Sign the petition: Justice for Adam Sykes!
On February 25, police responded to a 911 call reporting an injured woman at a Speedway gas station on the near east side. Police say that woman told them she was assaulted and that she asked for medics, who later arrived and took her to the hospital.
Minutes after arriving on that call, IMPD officer Grant Snyder shot and killed Adam Sykes, a man completely unconnected to the reported assault. Last Friday, after 4:00 pm, the IMPD released a significantly edited video to portray Sykes as a wanted villain and Snyder as a hero. The decision to release the video at the end of the work week, day, and news cycle was more than convenient; it was undoubtedly calculated to prevent any counter-narrative or physical opposition from emerging.

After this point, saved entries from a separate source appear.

(* Let $\mathbb{K}$ be an algebraically closed field of characteristic zero, $\mathcal{C}\subset\mathbb{K}^2$ an affine irreducible plane curve, $A=(a,b)\in\mathbb{K}^2$, $d\in\mathbb{K}\setminus\{0\}$, and assume that $\mathcal{C}_0\neq\emptyset$ and that $\mathcal{C}$ is not a circle centered at $A$. Then $\mathfrak{C}(\mathcal{C},A,d)$ is irreducible and special if and only if $\mathcal{C}$ is a line passing through $A$.
   Context: For $\mathcal{C}$ defined by an irreducible polynomial $f(y_1,y_2)$: $\mathfrak{B}(\mathcal{C},A,d)\subset\mathbb{K}^2\times\mathbb{K}^2\times\mathbb{K}$ is the set of $(\bar x,\bar y,w)$ with $f(y_1,y_2)=0$, $(x_1-y_1)^2+(x_2-y_2)^2=d^2$, $(y_2-b)(x_1-y_1)-(y_1-a)(x_2-y_2)=0$, $w((y_1-a)^2+(y_2-b)^2)=1$; $\pi_1,\pi_2$ are the projections $(\bar x,\bar y,w)\mapsto\bar x$, $\mapsto\bar y$; the conchoid $\mathfrak{C}(\mathcal{C},A,d)$ is the Zariski closure of $\pi_1(\mathfrak{B}(\mathcal{C},A,d))$. $\mathcal{C}_0=\{(p_1,p_2)\in\mathcal{C}:(p_1-a)^2+(p_2-b)^2\neq0\}$. An irreducible component $\mathcal{M}$ of $\mathfrak{C}(\mathcal{C},A,d)$ is simple if there is a non-empty Zariski dense $\Omega\subset\mathcal{M}$ with $\mathrm{Card}(\pi_2(\pi_1^{-1}(Q)))=1$ for all $Q\in\Omega$; otherwise special. A circle centered at $A$ of radius $r$ is $(y_1-a)^2+(y_2-b)^2=r^2$. *)

theory Defs
  imports "HOL-Computational_Algebra.Polynomial" "HOL-Computational_Algebra.Polynomial_Factorial"
begin

definition algebraically_closed :: "'a::field itself \<Rightarrow> bool" where
  "algebraically_closed _ \<longleftrightarrow> (\<forall>p :: 'a poly. degree p > 0 \<longrightarrow> (\<exists>x. poly p x = 0))"

text \<open>Bivariate polynomials in K[y1,y2] are represented as K[y1][y2] (type 'a poly poly):
  the outer variable is y2, the coefficients are polynomials in y1.\<close>
definition eval2 :: "'a::comm_semiring_1 poly poly \<Rightarrow> 'a \<times> 'a \<Rightarrow> 'a" where
  "eval2 f p = poly (poly f [:snd p:]) (fst p)"
(* In the regression problem (R), under condition $(Rk)$, there is a constant $C$ such that for all $n$ and $1\le N\le[n/3]$, $$|\Psi_2(N)|_k\le C\,k\,\mu_{2k}^{1/k}\sqrt N/n.$$
   Context: Trigonometric system on $[0,1]$: $\varphi_1\equiv1$, $\varphi_{2l}(x)=\sqrt2\cos(2\pi lx)$, $\varphi_{2l+1}(x)=\sqrt2\sin(2\pi lx)$, $l\ge1$. Dirichlet kernel $D_N(x,y)=\sum_{j=1}^N\varphi_j(x)\varphi_j(y)$. Problem (R): $x_i=i/n$, $\xi_i$ i.i.d. centered measurement errors. $a_{i,j}(n,N)=D_{2N}(x_i,x_j)-D_N(x_i,x_j)$ and $\Psi_2(N)=n^{-2}\sum_{i,j=1}^na_{i,j}(n,N)(\xi_i\xi_j-\mathbf E\xi_i\xi_j)$. $|\eta|_m=(\mathbf E|\eta|^m)^{1/m}$. Condition $(Rk)$: $\mu_{2k}=\mathbf E\xi_1^{2k}<\infty$ for the integer $k\ge2$ in question. *)

theory Defs
  imports "HOL-Probability.Probability"
begin

definition trig_phi :: "nat \<Rightarrow> real \<Rightarrow> real" where
  "trig_phi j x =
     (if j = 1 then 1
      else if even j then sqrt 2 * cos (2 * pi * real (j div 2) * x)
      else sqrt 2 * sin (2 * pi * real (j div 2) * x))"

definition dirichlet_kernel :: "nat \<Rightarrow> real \<Rightarrow> real \<Rightarrow> real" where
  "dirichlet_kernel N x y = (\<Sum>j=1..N. trig_phi j x * trig_phi j y)"

definition coef_a :: "nat \<Rightarrow> nat \<Rightarrow> nat \<Rightarrow> nat \<Rightarrow> real" where
  "coef_a n N i j =
     dirichlet_kernel (2 * N) (real i / real n) (real j / real n)
     - dirichlet_kernel N (real i / real n) (real j / real n)"

definition Psi2 :: "'a measure \<Rightarrow> (nat \<Rightarrow> 'a \<Rightarrow> real) \<Rightarrow> nat \<Rightarrow> nat \<Rightarrow> 'a \<Rightarrow> real" where
  "Psi2 M \<xi> n N \<omega> =
     (1 / (real n)\<^sup>2) * (\<Sum>i=1..n. \<Sum>j=1..n. coef_a n N i j *
        (\<xi> i \<omega> * \<xi> j \<omega> - (\<integral>\<omega>'. \<xi> i \<omega>' * \<xi> j \<omega>' \<partial>M)))"

definition Lnorm :: "'a measure \<Rightarrow> nat \<Rightarrow> ('a \<Rightarrow> real) \<Rightarrow> real" where
  "Lnorm M m \<eta> = (\<integral>\<omega>. \<bar>\<eta> \<omega>\<bar> ^ m \<partial>M) powr (1 / real m)"

end

(*
  Write Q = (SUM i j. a i j * (xi i * xi j - E (xi i * xi j))) with a symmetric. Ordering the
  terms by their larger index gives Q = (SUM i. D i), where
  D i = a i i * (xi i ^ 2 - sigma^2) + 2 * xi i * (SUM j < i. a i j * xi j)
  is a martingale difference sequence for the filtration generated by xi 1, xi 2, ...
  For such sequences a second-order Taylor bound for |x + y| ^ k, combined with the Hoelder and
  Minkowski inequalities, gives inductively |SUM i. D i|_k ^ 2 <= 6 k (SUM i. |D i|_k ^ 2).
  Applied once more to the inner linear sums this yields
  |D i|_k ^ 2 <= 48 k mu_2k ^ (2 / k) (SUM j. a i j ^ 2), so
  |Q|_k ^ 2 <= 288 k ^ 2 mu_2k ^ (2 / k) (SUM i j. a i j ^ 2).
  Finally a i j = (SUM l in {N + 1..2 N}. phi l (i / n) * phi l (j / n)), and since all
  frequencies involved stay below n when N <= n / 3, the trigonometric system is orthogonal on
  the grid i / n; hence (SUM i j. a i j ^ 2) = N n ^ 2 and the claim holds with C = 17.
*)

theory Submission
  imports Defs
begin

section \<open>Hoelder and Minkowski inequalities\<close>

lemma power_powr_divide:
  fixes t :: real
  assumes "0 \<le> t" "0 < k"
  shows "(t ^ k) powr (real j / real k) = t powr real j"
proof (cases "t = 0")
  case False
  then have "t > 0" using assms by simp
  then show ?thesis using assms by (simp add: powr_realpow[symmetric] powr_powr)
qed (use assms in simp)

lemma power_powr_inverse: "0 \<le> t \<Longrightarrow> 0 < k \<Longrightarrow> ((t::real) ^ k) powr (1 / real k) = t"
  using power_powr_divide[of t k 1] by simp

lemma powr_inverse_power: "0 \<le> m \<Longrightarrow> 0 < k \<Longrightarrow> ((m::real) powr (1 / real k)) ^ k = m"
  by (simp add: powr_realpow'[symmetric] powr_powr)

lemma powr_divide_le_power:
  fixes m :: real
  assumes "0 \<le> m" "0 < k"
  shows "m powr (real j / real k) \<le> (m powr (1 / real k)) ^ j"
proof (cases "m = 0 \<or> j = 0")
  case False
  then show ?thesis using assms by (simp add: powr_realpow'[symmetric] powr_powr)
qed auto

lemma powr_inverse_le_of_le_mult_powr:
  fixes m c :: real
  assumes "0 \<le> m" "0 \<le> c" "0 < k" and le: "m \<le> c * m powr (real (k - 1) / real k)"
  shows "m powr (1 / real k) \<le> c"
proof (cases "m = 0")
  case False
  with assms have "0 < m" by simp
  have "1 / real k + real (k - 1) / real k = 1" using assms by (simp add: field_simps of_nat_diff)
  then have "m powr (1 / real k) * m powr (real (k - 1) / real k) \<le> c * m powr (real (k - 1) / real k)"
    using le \<open>0 < m\<close> by (simp add: powr_add[symmetric])
  then show ?thesis using \<open>0 < m\<close> by (simp add: mult_le_cancel_right)
qed (use assms in simp)

lemma Young_powr:
  fixes a b \<alpha> \<beta> :: real
  assumes "0 \<le> a" "0 \<le> b" "0 \<le> \<alpha>" "0 \<le> \<beta>" "\<alpha> + \<beta> = 1"
  shows "a powr \<alpha> * b powr \<beta> \<le> \<alpha> * a + \<beta> * b"
proof (cases "a = 0 \<or> b = 0")
  case False then show ?thesis using Youngs_inequality_0[of \<alpha> \<beta> a b] assms by auto
qed (use assms in auto)

lemma Young_powr_scaled:
  fixes a b A B \<alpha> \<beta> :: real
  assumes "0 \<le> a" "0 \<le> b" "0 < A" "0 < B" "0 \<le> \<alpha>" "0 \<le> \<beta>" "\<alpha> + \<beta> = 1"
  shows "a powr \<alpha> * b powr \<beta> \<le> A powr \<alpha> * B powr \<beta> * (\<alpha> * (a / A) + \<beta> * (b / B))"
proof -
  have "a powr \<alpha> * b powr \<beta> = A powr \<alpha> * B powr \<beta> * ((a / A) powr \<alpha> * (b / B) powr \<beta>)"
    using assms by (simp add: powr_divide field_simps)
  also have "\<dots> \<le> A powr \<alpha> * B powr \<beta> * (\<alpha> * (a / A) + \<beta> * (b / B))"
    using Young_powr[of "a / A" "b / B" \<alpha> \<beta>] assms by (intro mult_left_mono) auto
  finally show ?thesis .
qed

lemma integrable_powr_mult_powr:
  fixes f g :: "'a \<Rightarrow> real"
  assumes f: "integrable M f" and g: "integrable M g"
    and f_nonneg: "\<And>\<omega>. \<omega> \<in> space M \<Longrightarrow> 0 \<le> f \<omega>" and g_nonneg: "\<And>\<omega>. \<omega> \<in> space M \<Longrightarrow> 0 \<le> g \<omega>"
    and "0 \<le> \<alpha>" "0 \<le> \<beta>" "\<alpha> + \<beta> = 1"
  shows "integrable M (\<lambda>\<omega>. f \<omega> powr \<alpha> * g \<omega> powr \<beta>)"
proof (rule Bochner_Integration.integrable_bound[of _ "\<lambda>\<omega>. \<alpha> * f \<omega> + \<beta> * g \<omega>"])
  show "integrable M (\<lambda>\<omega>. \<alpha> * f \<omega> + \<beta> * g \<omega>)" using f g by auto
  show "(\<lambda>\<omega>. f \<omega> powr \<alpha> * g \<omega> powr \<beta>) \<in> borel_measurable M" using f g by measurable
  show "AE \<omega> in M. norm (f \<omega> powr \<alpha> * g \<omega> powr \<beta>) \<le> norm (\<alpha> * f \<omega> + \<beta> * g \<omega>)"
    using Young_powr f_nonneg g_nonneg assms(5-7)
    by (intro AE_I2) (auto simp: abs_mult intro!: order_trans[OF _ abs_ge_self])
qed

Even their carefully-curated presentation of Sykes’ murder, however, not only leaves several perplexing questions but also demonstrates the police involved violated their own General Orders.
Snyder and other cops ignored IMPD regulations
The IMPD’s standard operating procedures are laid out in what they call “General Orders,” which are rules and regulations that all officers are supposed to follow at all times.
General Order 4.33, “Foot Pursuits,” says that officers may only start to chase someone on foot if that person has just committed a crime, is having a mental health crisis, or is a danger to the public. Sykes fit none of those criteria, and in fact was heard on the released footage saying that he didn’t want to talk to the police.
General Order 1.32, “Less Lethal Devices,” says that “The act of fleeing, without other factors involved, does not justify the use of a taser.” Sykes was trying to leave; no other factors, like the gun, were known to the cops until after they tased and shot him.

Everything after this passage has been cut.